### Brief
How many lines in the data below have the string "times"? Reply with the number alone.

Stored data
= Beginning of Section =
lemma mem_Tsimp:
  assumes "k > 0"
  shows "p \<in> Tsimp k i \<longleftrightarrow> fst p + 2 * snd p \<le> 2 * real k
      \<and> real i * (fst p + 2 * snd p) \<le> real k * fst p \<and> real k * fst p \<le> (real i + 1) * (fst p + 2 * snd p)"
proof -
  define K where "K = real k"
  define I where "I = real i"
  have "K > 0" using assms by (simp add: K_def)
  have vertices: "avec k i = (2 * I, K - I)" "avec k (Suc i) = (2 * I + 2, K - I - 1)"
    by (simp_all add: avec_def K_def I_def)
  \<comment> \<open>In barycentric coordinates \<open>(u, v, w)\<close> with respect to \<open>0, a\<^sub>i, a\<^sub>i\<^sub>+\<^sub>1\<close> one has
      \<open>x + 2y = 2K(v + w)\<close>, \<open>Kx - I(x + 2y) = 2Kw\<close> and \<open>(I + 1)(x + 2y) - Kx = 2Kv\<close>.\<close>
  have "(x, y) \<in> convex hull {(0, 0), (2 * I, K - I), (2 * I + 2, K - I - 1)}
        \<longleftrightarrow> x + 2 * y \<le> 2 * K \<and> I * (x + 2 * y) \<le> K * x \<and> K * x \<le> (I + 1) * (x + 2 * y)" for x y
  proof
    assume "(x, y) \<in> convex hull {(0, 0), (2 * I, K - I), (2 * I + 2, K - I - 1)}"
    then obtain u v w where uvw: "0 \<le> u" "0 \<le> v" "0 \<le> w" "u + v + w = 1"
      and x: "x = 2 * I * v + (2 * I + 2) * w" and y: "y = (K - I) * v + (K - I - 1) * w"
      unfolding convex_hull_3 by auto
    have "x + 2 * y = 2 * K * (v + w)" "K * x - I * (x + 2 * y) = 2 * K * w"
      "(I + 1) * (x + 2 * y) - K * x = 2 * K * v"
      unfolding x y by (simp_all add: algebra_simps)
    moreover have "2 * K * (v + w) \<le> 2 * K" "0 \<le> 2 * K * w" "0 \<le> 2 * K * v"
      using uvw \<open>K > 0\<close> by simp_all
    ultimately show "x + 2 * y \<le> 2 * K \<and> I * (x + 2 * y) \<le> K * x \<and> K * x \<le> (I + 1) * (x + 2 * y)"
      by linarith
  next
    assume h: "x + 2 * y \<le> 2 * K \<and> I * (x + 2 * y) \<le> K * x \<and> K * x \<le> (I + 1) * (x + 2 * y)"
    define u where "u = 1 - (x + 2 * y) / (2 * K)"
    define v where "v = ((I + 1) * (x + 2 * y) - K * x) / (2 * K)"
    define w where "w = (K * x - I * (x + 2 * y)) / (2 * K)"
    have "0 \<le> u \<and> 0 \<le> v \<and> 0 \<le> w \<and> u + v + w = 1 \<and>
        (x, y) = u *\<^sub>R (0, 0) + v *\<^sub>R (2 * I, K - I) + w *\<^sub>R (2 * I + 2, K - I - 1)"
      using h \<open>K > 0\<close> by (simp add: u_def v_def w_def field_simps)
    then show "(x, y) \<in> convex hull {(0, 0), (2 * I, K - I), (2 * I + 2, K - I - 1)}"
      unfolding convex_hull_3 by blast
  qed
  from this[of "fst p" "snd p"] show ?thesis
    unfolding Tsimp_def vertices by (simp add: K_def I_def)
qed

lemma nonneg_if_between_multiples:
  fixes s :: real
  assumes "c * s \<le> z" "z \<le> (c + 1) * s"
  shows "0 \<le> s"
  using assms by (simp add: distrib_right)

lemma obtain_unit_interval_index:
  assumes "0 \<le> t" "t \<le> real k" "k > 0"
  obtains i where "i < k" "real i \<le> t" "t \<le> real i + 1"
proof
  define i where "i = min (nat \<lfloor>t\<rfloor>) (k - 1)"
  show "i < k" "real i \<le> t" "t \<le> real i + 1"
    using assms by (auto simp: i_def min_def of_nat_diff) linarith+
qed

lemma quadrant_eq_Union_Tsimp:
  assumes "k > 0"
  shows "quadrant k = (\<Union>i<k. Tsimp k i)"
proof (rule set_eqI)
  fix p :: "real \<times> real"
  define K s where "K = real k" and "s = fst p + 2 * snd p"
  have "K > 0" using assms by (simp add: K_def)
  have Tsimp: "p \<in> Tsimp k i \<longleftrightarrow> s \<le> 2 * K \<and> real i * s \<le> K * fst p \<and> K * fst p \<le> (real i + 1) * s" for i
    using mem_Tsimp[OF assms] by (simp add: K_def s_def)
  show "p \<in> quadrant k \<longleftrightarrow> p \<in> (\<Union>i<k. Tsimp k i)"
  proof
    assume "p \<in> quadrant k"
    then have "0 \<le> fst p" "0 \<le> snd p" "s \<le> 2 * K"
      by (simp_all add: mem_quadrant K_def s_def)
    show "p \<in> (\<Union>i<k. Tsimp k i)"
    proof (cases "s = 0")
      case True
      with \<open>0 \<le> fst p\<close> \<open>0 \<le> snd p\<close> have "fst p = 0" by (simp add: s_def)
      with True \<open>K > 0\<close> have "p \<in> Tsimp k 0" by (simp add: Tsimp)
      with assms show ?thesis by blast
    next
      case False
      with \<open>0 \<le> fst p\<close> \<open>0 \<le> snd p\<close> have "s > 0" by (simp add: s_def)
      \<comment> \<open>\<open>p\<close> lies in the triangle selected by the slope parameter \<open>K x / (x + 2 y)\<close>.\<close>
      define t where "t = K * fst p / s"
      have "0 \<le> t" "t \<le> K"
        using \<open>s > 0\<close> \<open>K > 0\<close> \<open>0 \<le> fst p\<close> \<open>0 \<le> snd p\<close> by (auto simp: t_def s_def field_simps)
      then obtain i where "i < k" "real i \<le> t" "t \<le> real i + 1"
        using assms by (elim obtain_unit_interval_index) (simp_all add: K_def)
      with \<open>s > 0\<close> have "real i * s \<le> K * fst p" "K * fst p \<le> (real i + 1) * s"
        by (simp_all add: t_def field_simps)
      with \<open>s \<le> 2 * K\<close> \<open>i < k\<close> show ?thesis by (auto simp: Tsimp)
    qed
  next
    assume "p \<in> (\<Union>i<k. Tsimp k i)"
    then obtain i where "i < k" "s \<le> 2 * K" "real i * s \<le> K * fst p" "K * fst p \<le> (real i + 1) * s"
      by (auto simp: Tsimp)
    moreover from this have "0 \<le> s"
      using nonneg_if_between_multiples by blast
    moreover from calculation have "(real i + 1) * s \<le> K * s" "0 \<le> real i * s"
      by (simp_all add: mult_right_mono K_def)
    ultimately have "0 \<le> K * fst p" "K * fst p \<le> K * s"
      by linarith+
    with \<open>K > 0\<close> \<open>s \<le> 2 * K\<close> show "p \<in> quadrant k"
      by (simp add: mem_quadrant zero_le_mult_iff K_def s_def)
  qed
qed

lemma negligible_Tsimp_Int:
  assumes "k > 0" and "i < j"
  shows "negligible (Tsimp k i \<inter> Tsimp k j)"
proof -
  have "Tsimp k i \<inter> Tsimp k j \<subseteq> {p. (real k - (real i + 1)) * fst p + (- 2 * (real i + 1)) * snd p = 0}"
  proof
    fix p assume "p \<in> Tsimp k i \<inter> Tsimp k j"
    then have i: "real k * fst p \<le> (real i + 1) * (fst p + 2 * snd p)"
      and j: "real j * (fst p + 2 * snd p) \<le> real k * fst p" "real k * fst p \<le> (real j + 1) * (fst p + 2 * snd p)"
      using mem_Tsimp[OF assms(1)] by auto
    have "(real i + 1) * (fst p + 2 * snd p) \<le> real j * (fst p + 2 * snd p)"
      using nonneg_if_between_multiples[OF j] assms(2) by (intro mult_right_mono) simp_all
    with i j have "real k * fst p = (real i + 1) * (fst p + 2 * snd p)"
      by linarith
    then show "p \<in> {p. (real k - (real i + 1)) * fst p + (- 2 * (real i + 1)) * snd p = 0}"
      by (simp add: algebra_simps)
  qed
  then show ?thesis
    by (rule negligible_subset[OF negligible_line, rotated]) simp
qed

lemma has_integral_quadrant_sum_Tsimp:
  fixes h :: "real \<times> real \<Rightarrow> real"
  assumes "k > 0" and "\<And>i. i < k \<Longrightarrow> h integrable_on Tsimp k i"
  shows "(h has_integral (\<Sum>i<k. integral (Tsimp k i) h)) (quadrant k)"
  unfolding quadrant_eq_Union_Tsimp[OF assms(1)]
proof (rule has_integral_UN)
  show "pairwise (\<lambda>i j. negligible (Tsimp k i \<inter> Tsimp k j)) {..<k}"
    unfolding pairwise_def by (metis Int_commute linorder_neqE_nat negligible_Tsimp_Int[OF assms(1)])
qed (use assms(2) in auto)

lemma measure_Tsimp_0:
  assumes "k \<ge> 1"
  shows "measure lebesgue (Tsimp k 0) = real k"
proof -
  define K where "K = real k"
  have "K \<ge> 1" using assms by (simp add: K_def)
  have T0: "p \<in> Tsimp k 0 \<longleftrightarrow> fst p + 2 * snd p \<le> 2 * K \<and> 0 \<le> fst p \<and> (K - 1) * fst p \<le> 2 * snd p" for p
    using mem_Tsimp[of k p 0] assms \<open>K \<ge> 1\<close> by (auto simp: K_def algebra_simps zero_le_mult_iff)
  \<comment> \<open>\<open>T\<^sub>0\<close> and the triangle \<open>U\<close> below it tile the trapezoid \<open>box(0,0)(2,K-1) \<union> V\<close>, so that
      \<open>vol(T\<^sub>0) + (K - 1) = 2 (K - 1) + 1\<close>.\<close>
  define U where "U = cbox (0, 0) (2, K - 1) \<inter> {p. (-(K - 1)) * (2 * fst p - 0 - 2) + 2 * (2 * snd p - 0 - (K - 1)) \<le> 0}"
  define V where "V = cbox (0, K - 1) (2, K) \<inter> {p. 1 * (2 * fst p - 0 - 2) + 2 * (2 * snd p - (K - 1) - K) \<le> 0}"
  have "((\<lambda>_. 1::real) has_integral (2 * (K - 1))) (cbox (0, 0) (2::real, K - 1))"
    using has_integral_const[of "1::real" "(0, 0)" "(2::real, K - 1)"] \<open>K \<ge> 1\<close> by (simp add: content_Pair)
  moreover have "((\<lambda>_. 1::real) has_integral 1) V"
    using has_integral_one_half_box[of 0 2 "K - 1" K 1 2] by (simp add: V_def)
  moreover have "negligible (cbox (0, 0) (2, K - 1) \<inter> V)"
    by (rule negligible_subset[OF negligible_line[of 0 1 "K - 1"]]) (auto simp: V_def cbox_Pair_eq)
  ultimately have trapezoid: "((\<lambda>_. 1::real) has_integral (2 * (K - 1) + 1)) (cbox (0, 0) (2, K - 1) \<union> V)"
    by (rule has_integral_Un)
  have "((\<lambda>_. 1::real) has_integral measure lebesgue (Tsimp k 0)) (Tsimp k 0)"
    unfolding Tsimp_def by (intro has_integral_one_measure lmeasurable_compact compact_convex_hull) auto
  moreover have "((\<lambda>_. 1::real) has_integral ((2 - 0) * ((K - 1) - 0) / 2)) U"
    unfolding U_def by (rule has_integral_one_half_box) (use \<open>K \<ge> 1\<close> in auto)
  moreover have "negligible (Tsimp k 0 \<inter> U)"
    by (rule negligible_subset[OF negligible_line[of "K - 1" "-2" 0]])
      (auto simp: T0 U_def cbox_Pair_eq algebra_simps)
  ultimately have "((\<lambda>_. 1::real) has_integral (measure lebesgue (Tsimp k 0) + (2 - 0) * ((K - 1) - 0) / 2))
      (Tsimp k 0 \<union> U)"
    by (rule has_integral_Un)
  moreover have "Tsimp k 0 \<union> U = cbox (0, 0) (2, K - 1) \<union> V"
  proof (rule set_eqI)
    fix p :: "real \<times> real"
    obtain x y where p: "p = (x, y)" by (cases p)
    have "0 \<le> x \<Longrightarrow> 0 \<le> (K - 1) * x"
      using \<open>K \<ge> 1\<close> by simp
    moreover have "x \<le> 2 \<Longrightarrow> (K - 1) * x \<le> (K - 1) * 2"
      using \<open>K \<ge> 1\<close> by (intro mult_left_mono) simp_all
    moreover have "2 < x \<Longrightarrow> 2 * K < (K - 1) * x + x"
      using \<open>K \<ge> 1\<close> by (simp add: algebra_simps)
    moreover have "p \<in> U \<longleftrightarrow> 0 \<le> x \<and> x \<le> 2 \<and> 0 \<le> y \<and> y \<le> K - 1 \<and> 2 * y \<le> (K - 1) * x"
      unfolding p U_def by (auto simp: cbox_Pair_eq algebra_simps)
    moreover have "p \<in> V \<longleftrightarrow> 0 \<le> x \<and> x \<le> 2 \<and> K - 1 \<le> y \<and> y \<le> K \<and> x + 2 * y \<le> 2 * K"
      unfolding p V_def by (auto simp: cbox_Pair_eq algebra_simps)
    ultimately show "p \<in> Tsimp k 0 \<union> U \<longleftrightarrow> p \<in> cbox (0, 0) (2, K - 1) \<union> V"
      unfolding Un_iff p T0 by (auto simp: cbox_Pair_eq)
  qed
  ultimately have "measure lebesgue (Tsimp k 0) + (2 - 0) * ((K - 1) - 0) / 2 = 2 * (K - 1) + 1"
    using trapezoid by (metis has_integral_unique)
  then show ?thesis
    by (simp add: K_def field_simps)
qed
= End of Section =
### Your response
3